Résumé non technique d'un projet d'expérimentation animale publié sur ALURES le 16/01/2023
("EC NTS/RA identifier" : NTS-FR-241610)
620 souris vont être utilisées, toutes tuées à l’issue, dans des procédures impliquant un niveau de souffrance léger à modéré. Cinq cents femelles sont superovulées par injections d’hormones pour produire un maximum d’ovocytes, puis tuées pour les prélever, et cent autres subissent une laparotomie de réimplantation d’embryons. Le porteur indique que les receveuses ne sont pas réutilisées car une seconde laparotomie serait plus douloureuse que la première. Il affirme que le recours à la souris est « essentiel » pour la biologie du développement, les cultures cellulaires ne reproduisant pas la vascularisation et le contexte tridimensionnel des organes.

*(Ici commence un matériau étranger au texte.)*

definition bbc_passive :: "real \<Rightarrow> real \<Rightarrow> real \<Rightarrow> real \<Rightarrow> real \<Rightarrow> real \<Rightarrow> real^3 \<Rightarrow> real^3" where
  "bbc_passive L C_H C_L R_D R_H R_L w =
     vector [ - (1 / L) * w$3,
              - (1 / ((R_D * R_H / (R_D + R_H)) * C_H)) * w$2,
              (1 / C_L) * w$1 - (1 / (R_L * C_L)) * w$3 ]"

definition bbc_switching :: "real \<Rightarrow> real \<Rightarrow> real^3 \<Rightarrow> real^3" where
  "bbc_switching L C_H w = vector [(1 / L) * w$2, - (1 / C_H) * w$1, 0]"

definition bbc_energy_weight :: "real \<Rightarrow> real \<Rightarrow> real \<Rightarrow> real^3 \<Rightarrow> real^3" where
  "bbc_energy_weight L C_H C_L w = vector [L * w$1, C_H * w$2, C_L * w$3]"

lemma inner_real3: "inner (a::real^3) b = a$1 * b$1 + a$2 * b$2 + a$3 * b$3"
  by (simp add: inner_vec_def sum_3)

lemma norm_real3_squared: "(norm (a::real^3))\<^sup>2 = (a$1)\<^sup>2 + (a$2)\<^sup>2 + (a$3)\<^sup>2"
  unfolding power2_norm_eq_inner inner_real3 by (simp add: power2_eq_square)

lemma bbc_field_diff:
  "bbc_field L C_H C_L R_D R_H R_L E_H E_L v x - bbc_field L C_H C_L R_D R_H R_L E_H E_L v y
   = bbc_passive L C_H C_L R_D R_H R_L (x - y) + v *\<^sub>R bbc_switching L C_H (x - y)"
  by (simp add: vec_eq_iff forall_3 bbc_field_def bbc_passive_def bbc_switching_def Let_def algebra_simps)

lemma bounded_linear_bbc_passive: "bounded_linear (bbc_passive L C_H C_L R_D R_H R_L)"
  unfolding linear_conv_bounded_linear[symmetric]
  by (rule linearI) (simp_all add: vec_eq_iff forall_3 bbc_passive_def algebra_simps)

lemma bounded_linear_bbc_switching: "bounded_linear (bbc_switching L C_H)"
  unfolding linear_conv_bounded_linear[symmetric]
  by (rule linearI) (simp_all add: vec_eq_iff forall_3 bbc_switching_def algebra_simps)

lemma bounded_linear_bbc_energy_weight: "bounded_linear (bbc_energy_weight L C_H C_L)"
  unfolding linear_conv_bounded_linear[symmetric]
  by (rule linearI) (simp_all add: vec_eq_iff forall_3 bbc_energy_weight_def algebra_simps)

lemma inner_bbc_energy_weight_sym:
  "inner x (bbc_energy_weight L C_H C_L y) = inner (bbc_energy_weight L C_H C_L x) y"
  by (simp add: inner_real3 bbc_energy_weight_def)

lemma inner_bbc_energy_weight_switching:
  assumes "0 < L" "0 < C_H"
  shows "inner (bbc_energy_weight L C_H C_L w) (bbc_switching L C_H w) = 0"
  using assms by (simp add: inner_real3 bbc_energy_weight_def bbc_switching_def)

lemma inner_bbc_energy_weight_passive:
  assumes "0 < L" "0 < C_H" "0 < C_L" "0 < R_D" "0 < R_H" "0 < R_L"
  shows "inner (bbc_energy_weight L C_H C_L w) (bbc_passive L C_H C_L R_D R_H R_L w)
         = - ((R_D + R_H) / (R_D * R_H)) * (w$2)\<^sup>2 - (1 / R_L) * (w$3)\<^sup>2"
  using assms by (simp add: inner_real3 bbc_energy_weight_def bbc_passive_def field_simps power2_eq_square)
lemma jstar_assoc_Mid_Suc:
  "1 \<le> k \<Longrightarrow> n \<in> Mid scale k \<Longrightarrow>
    jstar scale (jstar scale a b) n - jstar scale a (jstar scale b n) \<in> Mid scale (Suc k)"
  unfolding jstar_assoc_diff by (intro Mid_scale commutator_commutator_Mid)

end

theorem proposition2p6:
  fixes scale :: "complex \<Rightarrow> 'a::ring_1 \<Rightarrow> 'a"
  assumes "complex_algebra scale"
      and "fin_gen_algebra scale"
  shows
    \<comment> \<open>the star product is well defined on A/M_3 and associative there\<close>
    "(\<forall>a a' b b'. a - a' \<in> Mid scale 3 \<longrightarrow> b - b' \<in> Mid scale 3 \<longrightarrow>
        jstar scale a b - jstar scale a' b' \<in> Mid scale 3)
   \<and> (\<forall>a b c. jstar scale (jstar scale a b) c - jstar scale a (jstar scale b c) \<in> Mid scale 3)
   \<and> (\<forall>k\<ge>1.
        \<comment> \<open>the action maps M_k into M_k\<close>
        (\<forall>a n. n \<in> Mid scale k \<longrightarrow> jstar scale a n \<in> Mid scale k)
        \<comment> \<open>well defined on A/M_3 times M_k/M_(k+1)\<close>
      \<and> (\<forall>a a' n n'. a - a' \<in> Mid scale 3 \<longrightarrow> n \<in> Mid scale k \<longrightarrow> n' \<in> Mid scale k \<longrightarrow>
            n - n' \<in> Mid scale (k + 1) \<longrightarrow>
            jstar scale a n - jstar scale a' n' \<in> Mid scale (k + 1))
        \<comment> \<open>module axioms modulo M_(k+1)\<close>
      \<and> (\<forall>a b n. n \<in> Mid scale k \<longrightarrow>
            jstar scale (jstar scale a b) n - jstar scale a (jstar scale b n) \<in> Mid scale (k + 1))
      \<and> (\<forall>n. n \<in> Mid scale k \<longrightarrow> jstar scale 1 n = n)
      \<and> (\<forall>a b n. n \<in> Mid scale k \<longrightarrow> jstar scale (a + b) n = jstar scale a n + jstar scale b n)
      \<and> (\<forall>a n m. n \<in> Mid scale k \<longrightarrow> m \<in> Mid scale k \<longrightarrow>
            jstar scale a (n + m) = jstar scale a n + jstar scale a m)
      \<and> (\<forall>c a n. n \<in> Mid scale k \<longrightarrow>
            jstar scale (scale c a) n = scale c (jstar scale a n)
          \<and> jstar scale a (scale c n) = scale c (jstar scale a n)))"
proof -
  interpret complex_alg scale by (rule complex_alg.intro) (fact assms(1))
  show ?thesis
    by (simp add: jstar_cong_Mid jstar_assoc_Mid3 jstar_Mid jstar_cong_Mid3_Mid_Suc
        jstar_assoc_Mid_Suc jstar_one_left jstar_add_left jstar_add_right
        jstar_scale_left jstar_scale_right)
qed

end
lemma mbo_energy_diff:
  "mbo_energy m lam h v - mbo_energy m lam h u
     = (\<Sum>k\<in>UNIV. m k * (v k - u k) * energy_gradient lam h u k)
       + (1 - lam) * (\<Sum>k\<in>UNIV. m k * (v k - u k)\<^sup>2)"
  unfolding mbo_energy_def energy_gradient_def
  by (simp add: sum_subtractf[symmetric] sum_distrib_left sum.distrib[symmetric])
     (intro sum.cong refl; simp add: algebra_simps power2_eq_square)

lemma sum_UNIV_two_support:
  fixes f :: "'a::finite \<Rightarrow> 'b::comm_monoid_add"
  assumes "i \<noteq> j" and "\<And>k. k \<noteq> i \<Longrightarrow> k \<noteq> j \<Longrightarrow> f k = 0"
  shows "(\<Sum>k\<in>UNIV. f k) = f i + f j"
proof -
  have "(\<Sum>k\<in>UNIV. f k) = (\<Sum>k\<in>{i, j}. f k)"
    by (rule sum.mono_neutral_right) (use assms in auto)
  then show ?thesis using assms(1) by simp
qed

lemma transfer_diff:
  fixes u :: "'a \<Rightarrow> real"
  assumes "i \<noteq> j"
  shows "(u(i := u i + a, j := u j - b)) k - u k = (if k = i then a else 0) - (if k = j then b else 0)"
  using assms by auto

lemma mass_transfer:
  fixes u m :: "'a::finite \<Rightarrow> real"
  assumes "i \<noteq> j" "m i \<noteq> 0" "m j \<noteq> 0"
  shows "(\<Sum>k\<in>UNIV. (u(i := u i + t / m i, j := u j - t / m j)) k * m k) = (\<Sum>k\<in>UNIV. u k * m k)"
proof -
  let ?v = "u(i := u i + t / m i, j := u j - t / m j)"
  have "(\<Sum>k\<in>UNIV. ?v k * m k) - (\<Sum>k\<in>UNIV. u k * m k) = (\<Sum>k\<in>UNIV. (?v k - u k) * m k)"
    by (simp only: left_diff_distrib sum_subtractf)
  also have "\<dots> = 0"
    using assms by (subst sum_UNIV_two_support[of i j]) (auto simp: transfer_diff)
  finally show ?thesis by simp
qed
(* For any $b\in B_k$ there exist unique $b_-\in\mathcal{U}_-$ and $b_+\in\mathcal{P}_+$ such that $b=b_-b_+$.
   Context: Let $\mathfrak{g}=\mathfrak{gl}_n(\mathbb{C})$, $\mathfrak{t}$ a Cartan subalgebra, $k>1$, $T=\sum_{i=1}^{k-1}T_iz^{-i}$ with $T_i\in\mathfrak{t}$, $T_{k-1}\neq0$. $B_k=\{b=\sum_{i=0}^{k-1}b_iz^i:b_0=1,b_i\in\mathfrak{g}\}\subset\mathrm{GL}_n(\mathbb{C}[z]/(z^k))$. For $i=0,\dots,k-2$ let $\mathbb{C}^n=\bigoplus_{p\in J_i}V^{(i)}_p$ be the decomposition into simultaneous eigenspaces of $(T_{i+1},\dots,T_{k-1})$, with $\pi_i:J_j\to J_i$ ($j\le i$) the natural surjections; fix total orders on the $J_i$ such that for $i<k-2$, $\pi_{i+1}(p)<\pi_{i+1}(q)\Rightarrow p<q$. Let $\mathfrak{p}_i^+=\bigoplus_{p\ge q}\mathrm{Hom}(V^{(i)}_p,V^{(i)}_q)$, $\mathfrak{u}_i^-=\bigoplus_{p<q}\mathrm{Hom}(V^{(i)}_p,V^{(i)}_q)$ (sums over $p,q\in J_i$), $\mathfrak{p}^+_{k-1}=\mathfrak{g}$, $\mathfrak{u}^-_{k-1}=0$. $\mathcal{U}_-=\{b\in B_k:b_i\in\mathfrak{u}_i^-,1\le i\le k-1\}$, $\mathcal{P}_+=\{b\in B_k:b_i\in\mathfrak{p}_i^+,1\le i\le k-1\}$. *)

theory Defs
  imports "HOL-Analysis.Analysis"
begin

type_synonym 'n mat = "complex ^ 'n ^ 'n"

definition diag_mat :: "complex ^ ('n::finite) \<Rightarrow> 'n mat" where
  "diag_mat d = (\<chi> i j. if i = j then d $ i else 0)"

definition cartan :: "('n::finite) mat \<Rightarrow> 'n mat set" where
  "cartan P = {P ** diag_mat d ** matrix_inv P | d. True}"

text \<open>Simultaneous eigenspace V^{(i)}_p of (T_{i+1},...,T_{k-1}) for eigenvalue tuple p
  (p is a function on indices; only its values on {i+1..k-1} matter).\<close>
definition eigsp :: "(nat \<Rightarrow> ('n::finite) mat) \<Rightarrow> nat \<Rightarrow> nat \<Rightarrow> (nat \<Rightarrow> complex) \<Rightarrow> (complex ^ 'n) set" where
  "eigsp T k i p = {v. \<forall>j\<in>{i+1..k-1}. T j *v v = p j *s v}"

definition Jset :: "(nat \<Rightarrow> ('n::finite) mat) \<Rightarrow> nat \<Rightarrow> nat \<Rightarrow> (nat \<Rightarrow> complex) set" where
  "Jset T k i = {p. (\<forall>j. j \<notin> {i+1..k-1} \<longrightarrow> p j = 0) \<and> eigsp T k i p \<noteq> {0}}"

text \<open>Natural surjection J_i \<rightarrow> J_{i+1}: forget the (i+1)-th eigenvalue.\<close>
definition proj_next :: "nat \<Rightarrow> (nat \<Rightarrow> complex) \<Rightarrow> (nat \<Rightarrow> complex)" where
  "proj_next i p = (\<lambda>j. if j = i + 1 then 0 else p j)"

text \<open>ord i p q means p < q in the chosen total order on J_i.\<close>
definition strict_total_on :: "'a set \<Rightarrow> ('a \<Rightarrow> 'a \<Rightarrow> bool) \<Rightarrow> bool" where
  "strict_total_on A r \<longleftrightarrow>
     (\<forall>p\<in>A. \<not> r p p) \<and>
     (\<forall>p\<in>A. \<forall>q\<in>A. \<forall>s\<in>A. r p q \<longrightarrow> r q s \<longrightarrow> r p s) \<and>
     (\<forall>p\<in>A. \<forall>q\<in>A. p \<noteq> q \<longrightarrow> r p q \<or> r q p)"

text \<open>p_i^+ = \<Oplus>_{p \<ge> q} Hom(V_p, V_q): X maps each V_p into the sum of the V_q with q \<le> p;
  p_{k-1}^+ = gl_n.\<close>
definition pplus :: "(nat \<Rightarrow> ('n::finite) mat) \<Rightarrow> nat \<Rightarrow> (nat \<Rightarrow> (nat \<Rightarrow> complex) \<Rightarrow> (nat \<Rightarrow> complex) \<Rightarrow> bool)
    \<Rightarrow> nat \<Rightarrow> 'n mat set" where
  "pplus T k ord i = (if i = k - 1 then UNIV else
     {X. \<forall>p\<in>Jset T k i. \<forall>v\<in>eigsp T k i p.
        X *v v \<in> vec.span (\<Union>q\<in>{q\<in>Jset T k i. q = p \<or> ord i q p}. eigsp T k i q)})"

text \<open>u_i^- = \<Oplus>_{p < q} Hom(V_p, V_q); u_{k-1}^- = 0.\<close>
definition uminus_sp :: "(nat \<Rightarrow> ('n::finite) mat) \<Rightarrow> nat \<Rightarrow> (nat \<Rightarrow> (nat \<Rightarrow> complex) \<Rightarrow> (nat \<Rightarrow> complex) \<Rightarrow> bool)
    \<Rightarrow> nat \<Rightarrow> 'n mat set" where
  "uminus_sp T k ord i = (if i = k - 1 then {0} else
     {X. \<forall>p\<in>Jset T k i. \<forall>v\<in>eigsp T k i p.
        X *v v \<in> vec.span (\<Union>q\<in>{q\<in>Jset T k i. ord i p q}. eigsp T k i q)})"

text \<open>Elements of gl_n(C[z]/(z^k)) as coefficient sequences b_0, b_1, ... with b_i = 0 for i \<ge> k.\<close>
definition Bk :: "nat \<Rightarrow> (nat \<Rightarrow> ('n::finite) mat) set" where
  "Bk k = {b. b 0 = mat 1 \<and> (\<forall>i\<ge>k. b i = 0)}"

definition tmul :: "nat \<Rightarrow> (nat \<Rightarrow> ('n::finite) mat) \<Rightarrow> (nat \<Rightarrow> 'n mat) \<Rightarrow> (nat \<Rightarrow> 'n mat)" where
  "tmul k b c = (\<lambda>m. if m < k then (\<Sum>i\<le>m. b i ** c (m - i)) else 0)"

definition Uminus :: "(nat \<Rightarrow> ('n::finite) mat) \<Rightarrow> nat \<Rightarrow> (nat \<Rightarrow> (nat \<Rightarrow> complex) \<Rightarrow> (nat \<Rightarrow> complex) \<Rightarrow> bool)
    \<Rightarrow> (nat \<Rightarrow> 'n mat) set" where
  "Uminus T k ord = {b\<in>Bk k. \<forall>i\<in>{1..k-1}. b i \<in> uminus_sp T k ord i}"

definition Pplus :: "(nat \<Rightarrow> ('n::finite) mat) \<Rightarrow> nat \<Rightarrow> (nat \<Rightarrow> (nat \<Rightarrow> complex) \<Rightarrow> (nat \<Rightarrow> complex) \<Rightarrow> bool)
    \<Rightarrow> (nat \<Rightarrow> 'n mat) set" where
  "Pplus T k ord = {b\<in>Bk k. \<forall>i\<in>{1..k-1}. b i \<in> pplus T k ord i}"

end

theory Submission
  imports Defs
begin

text \<open>In the common eigenbasis given by the columns of P all T j are diagonal and every
  V^{(i)}_p is spanned by basis vectors. In this basis u_i^- consists of the matrices whose
  entry (a, c) vanishes unless weight c < weight a, and p_i^+ of those whose entry vanishes
  unless weight a \<le> weight c; totality of the order makes these two sets of index pairs
  complementary, so gl_n is the direct sum of u_i^- and p_i^+.
  The coefficient of z^m in b_- b_+ is (b_-)_m + (b_+)_m + \<Sum>_{0<i<m} (b_-)_i (b_+)_{m-i}, so
  the coefficients of b_- and b_+ can be chosen, and are determined, one degree at a time by
  splitting along this direct sum.\<close>

definition complementary :: "'a::ab_group_add set \<Rightarrow> 'a set \<Rightarrow> bool" where
  "complementary A B \<longleftrightarrow> (\<forall>X. \<exists>U\<in>A. \<exists>V\<in>B. X = U + V) \<and>
     (\<forall>U\<in>A. \<forall>V\<in>B. \<forall>U'\<in>A. \<forall>V'\<in>B. U + V = U' + V' \<longrightarrow> U = U' \<and> V = V')"

lemma complementary_vimage:
  assumes f: "bij f" and add: "\<And>x y. f (x + y) = f x + f y" and AB: "complementary A B"
  shows "complementary (f -` A) (f -` B)"
  unfolding complementary_def
proof (rule conjI; intro allI ballI impI)
  fix X
  obtain U V where UV: "U \<in> A" "V \<in> B" "f X = U + V"
    using AB unfolding complementary_def by blast
  have "f (inv f U + inv f V) = f X"
    using f UV(3) by (simp add: add bij_is_surj surj_f_inv_f)
  then have "X = inv f U + inv f V"
    using f by (simp add: bij_is_inj inj_eq)
  moreover have "inv f U \<in> f -` A" "inv f V \<in> f -` B"
    using f UV(1,2) by (simp_all add: bij_is_surj surj_f_inv_f)
  ultimately show "\<exists>U\<in>f -` A. \<exists>V\<in>f -` B. X = U + V" by blast
next
  fix U V U' V'
  assume "U \<in> f -` A" "V \<in> f -` B" "U' \<in> f -` A" "V' \<in> f -` B" and eq: "U + V = U' + V'"
  moreover from eq have "f U + f V = f U' + f V'"
    by (metis add)
  ultimately have "f U = f U' \<and> f V = f V'"
    using AB unfolding complementary_def vimage_eq by blast
  then show "U = U' \<and> V = V'"
    using f by (simp add: bij_is_inj inj_eq)
qed

lemma tmul_cong:
  assumes "\<forall>i\<le>m. x i = x' i \<and> y i = y' i"
  shows "tmul k x y m = tmul k x' y' m"
  using assms by (simp add: tmul_def)

lemma tmul_coeff_split:
  assumes "x 0 = mat 1" and "y 0 = mat 1" and "0 < m" and "m < k"
  shows "tmul k x y m = x m + y m + (\<Sum>i\<in>{1..<m}. x i ** y (m - i))"
proof -
  have "{..m} = insert 0 (insert m {1..<m})" using assms(3) by auto
  then show ?thesis using assms by (simp add: tmul_def add.assoc add.commute)
qed

lemma truncated_factorization_exists:
  assumes dec: "\<forall>m\<in>{1..k-1}. complementary (A m) (B m)" and "N < k"
  shows "\<exists>x\<in>Bk (Suc N). \<exists>y\<in>Bk (Suc N).
    \<forall>m\<in>{1..N}. x m \<in> A m \<and> y m \<in> B m \<and> tmul k x y m = b m"
  using \<open>N < k\<close>
proof (induction N)
  case 0
  have "(\<lambda>i. if i = 0 then mat 1 else 0) \<in> Bk (Suc 0)" by (simp add: Bk_def)
  then show ?case by auto
next
  case (Suc N)
  then obtain x y where x: "x \<in> Bk (Suc N)" and y: "y \<in> Bk (Suc N)"
    and xy: "\<forall>m\<in>{1..N}. x m \<in> A m \<and> y m \<in> B m \<and> tmul k x y m = b m"
    by auto
  obtain U V where UV: "U \<in> A (Suc N)" "V \<in> B (Suc N)"
    and split: "b (Suc N) - (\<Sum>i\<in>{1..<Suc N}. x i ** y (Suc N - i)) = U + V"
  proof -
    have "complementary (A (Suc N)) (B (Suc N))" using dec Suc.prems by simp
    then show ?thesis using that unfolding complementary_def by blast
  qed
  define x' where "x' = x(Suc N := U)"
  define y' where "y' = y(Suc N := V)"
  have x': "x' \<in> Bk (Suc (Suc N))" and y': "y' \<in> Bk (Suc (Suc N))"
    using x y by (auto simp: Bk_def x'_def y'_def)
  have "x' m \<in> A m \<and> y' m \<in> B m" if "m \<in> {1..Suc N}" for m
    using that UV xy by (cases "m = Suc N") (auto simp: x'_def y'_def)
  moreover have "tmul k x' y' m = b m" if m: "m \<in> {1..Suc N}" for m
  proof (cases "m = Suc N")
    case True
    have "(\<Sum>i\<in>{1..<Suc N}. x' i ** y' (Suc N - i)) = (\<Sum>i\<in>{1..<Suc N}. x i ** y (Suc N - i))"
      by (intro sum.cong) (auto simp: x'_def y'_def)
    moreover have "x' 0 = mat 1" "y' 0 = mat 1" using x' y' by (auto simp: Bk_def)
    ultimately show ?thesis
      using True Suc.prems split tmul_coeff_split[of x' y' "Suc N" k]
      by (simp add: x'_def y'_def algebra_simps)
  next
    case False
    then have "tmul k x' y' m = tmul k x y m"
      using m by (intro tmul_cong) (auto simp: x'_def y'_def)
    with False m xy show ?thesis by simp
  qed
  ultimately show ?case using x' y' by blast
qed

lemma factorization_exists:
  assumes dec: "\<forall>m\<in>{1..k-1}. complementary (A m) (B m)" and b: "b \<in> Bk k" and "0 < k"
  shows "\<exists>x\<in>Bk k. \<exists>y\<in>Bk k. (\<forall>m\<in>{1..k-1}. x m \<in> A m \<and> y m \<in> B m) \<and> b = tmul k x y"
proof -
  from truncated_factorization_exists[OF dec, of "k - 1" b] \<open>0 < k\<close>
  obtain x y where x: "x \<in> Bk k" and y: "y \<in> Bk k"
    and xy: "\<forall>m\<in>{1..k-1}. x m \<in> A m \<and> y m \<in> B m \<and> tmul k x y m = b m"
    by auto
  have "b m = tmul k x y m" for m
  proof -
    consider "m = 0" | "m \<in> {1..k-1}" | "k \<le> m" by force
    then show ?thesis
    proof cases
      case 1
      with b x y \<open>0 < k\<close> show ?thesis by (simp add: Bk_def tmul_def)
    next
      case 2
      with xy show ?thesis by simp
    next
      case 3
      with b show ?thesis by (simp add: Bk_def tmul_def)
    qed
  qed
  with x y xy show ?thesis by blast
qed
lemma DERIV_skew_form_grad:
  assumes "finite I"
    and "\<And>i y. i \<in> I \<union> Suc ` I \<Longrightarrow> pd e i f differentiable (at y)"
    and "\<And>i y. i \<in> I \<union> Suc ` I \<Longrightarrow> pd e i g differentiable (at y)"
  shows "((\<lambda>t. skew_form I a (grad e f (x + t *\<^sub>R axis (e c) 1)) (grad e g (x + t *\<^sub>R axis (e c) 1)))
    has_real_derivative skew_form I a (\<lambda>i. pd e c (pd e i f) x) (grad e g x)
      + skew_form I a (grad e f x) (\<lambda>i. pd e c (pd e i g) x)) (at 0)"
  using DERIV_skew_form[OF assms(1), of "\<lambda>t. grad e f (x + t *\<^sub>R axis (e c) 1)" _ 0
      "\<lambda>t. grad e g (x + t *\<^sub>R axis (e c) 1)"]
  by (simp add: pd_DERIV assms(2,3))

lemma sum_consecutive_pairs:
  fixes g :: "nat \<Rightarrow> 'a::comm_monoid_add"
  shows "(\<Sum>i = Suc (2*m)..2*n. g i) = (\<Sum>j = Suc m..n. g (2 * j - 1) + g (2 * j))"
proof (induction n)
  case (Suc n)
  show ?case
  proof (cases "m \<le> n")
    case True
    then have "(\<Sum>i = Suc (2*m)..2 * Suc n. g i) = (\<Sum>i = Suc (2*m)..2*n. g i) + (g (2*n+1) + g (2*n+2))"
      by (simp add: sum.cl_ivl_Suc add.assoc)
    with True Suc.IH show ?thesis by (simp add: sum.cl_ivl_Suc)
  qed simp
qed simp

lemma skew_form_alpha_split:
  "skew_form {3..2*k} (alpha lam) p q
    = (\<Sum>j=2..k. p (2 * j - 1) * q (2 * j) - p (2 * j) * q (2 * j - 1))
      + lam * (\<Sum>j=2..k. p (2 * j) * q (2 * j + 1) - p (2 * j + 1) * q (2 * j))"
proof -
  have pairs: "(\<Sum>i=3..2*k. g i) = (\<Sum>j=2..k. g (2 * j - 1) + g (2 * j))" for g :: "nat \<Rightarrow> real"
  proof -
    have "Suc (2*1) = (3::nat)" "Suc 1 = (2::nat)" by simp_all
    then show ?thesis using sum_consecutive_pairs[where m=1 and n=k and g=g] by (simp only:)
  qed
  have "skew_form {3..2*k} (alpha lam) p q = (\<Sum>j=2..k.
      alpha lam (2 * j - 1) * (p (2 * j - 1) * q (2 * j - 1 + 1) - p (2 * j - 1 + 1) * q (2 * j - 1))
      + alpha lam (2 * j) * (p (2 * j) * q (2 * j + 1) - p (2 * j + 1) * q (2 * j)))"
    unfolding skew_form_def pairs ..
  also have "\<dots> = (\<Sum>j=2..k. (p (2 * j - 1) * q (2 * j) - p (2 * j) * q (2 * j - 1))
      + lam * (p (2 * j) * q (2 * j + 1) - p (2 * j + 1) * q (2 * j)))"
    by (intro sum.cong) (auto simp: alpha_def)
  finally show ?thesis by (simp add: sum.distrib sum_distrib_left)
qed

Objectifs et bénéfices escomptés du projet
Décrire les objectifs du projet.
A l ‘heure ou on constate que l’incidence de la plupart des maladies dépend du sexe, il est paradoxal que certains gènes importants pour la détermination du sexe restent à identifier. Chez l’homme (et la souris), les mutations de certains gènes sont responsables d’anomalies du développement du système urogénital (rein et appareil génital). L’appareil génital comprend différents organes dont les gonades qui sont présentes chez l’embryon. Selon le sexe de l’embryon, différents gènes sont activés et vont permettre aux gonades de se développer en testicules chez le futur petit garçon ou en ovaires chez la petite fille, ce qui va initier tout le développement sexuel de l’individu. Les patients affectés ont des symptômes allant de l’absence de gonades à une inversion de sexe c’est-à-dire que l’appareil génital présente toutes les caractéristiques de l’appareil génital de garçon ou de fille quel que soit le sexe génétique de l’enfant. Pour comprendre le rôle des facteurs responsables du développement normal de la gonade (testicule chez le mâle et ovaire chez la femelle), nous devons reproduire les mutations de ces gènes chez la souris, ce qui nous permet d’étudier finement les conséquences pathologiques à différents stades. Ainsi notre projet permettra d’identifier les facteurs clés des premières étapes du développement de la gonade avec un intérêt particulier sur l’ovaire. Cela nous donnera un point d’entrée pour étudier les pathologies telles que l’insuffisance ovarienne précoce dont les symptômes sont le dérèglement ou l’absence de puberté, les problèmes de fertilité, les dérèglements hormonaux et les cancers de l’ovaire.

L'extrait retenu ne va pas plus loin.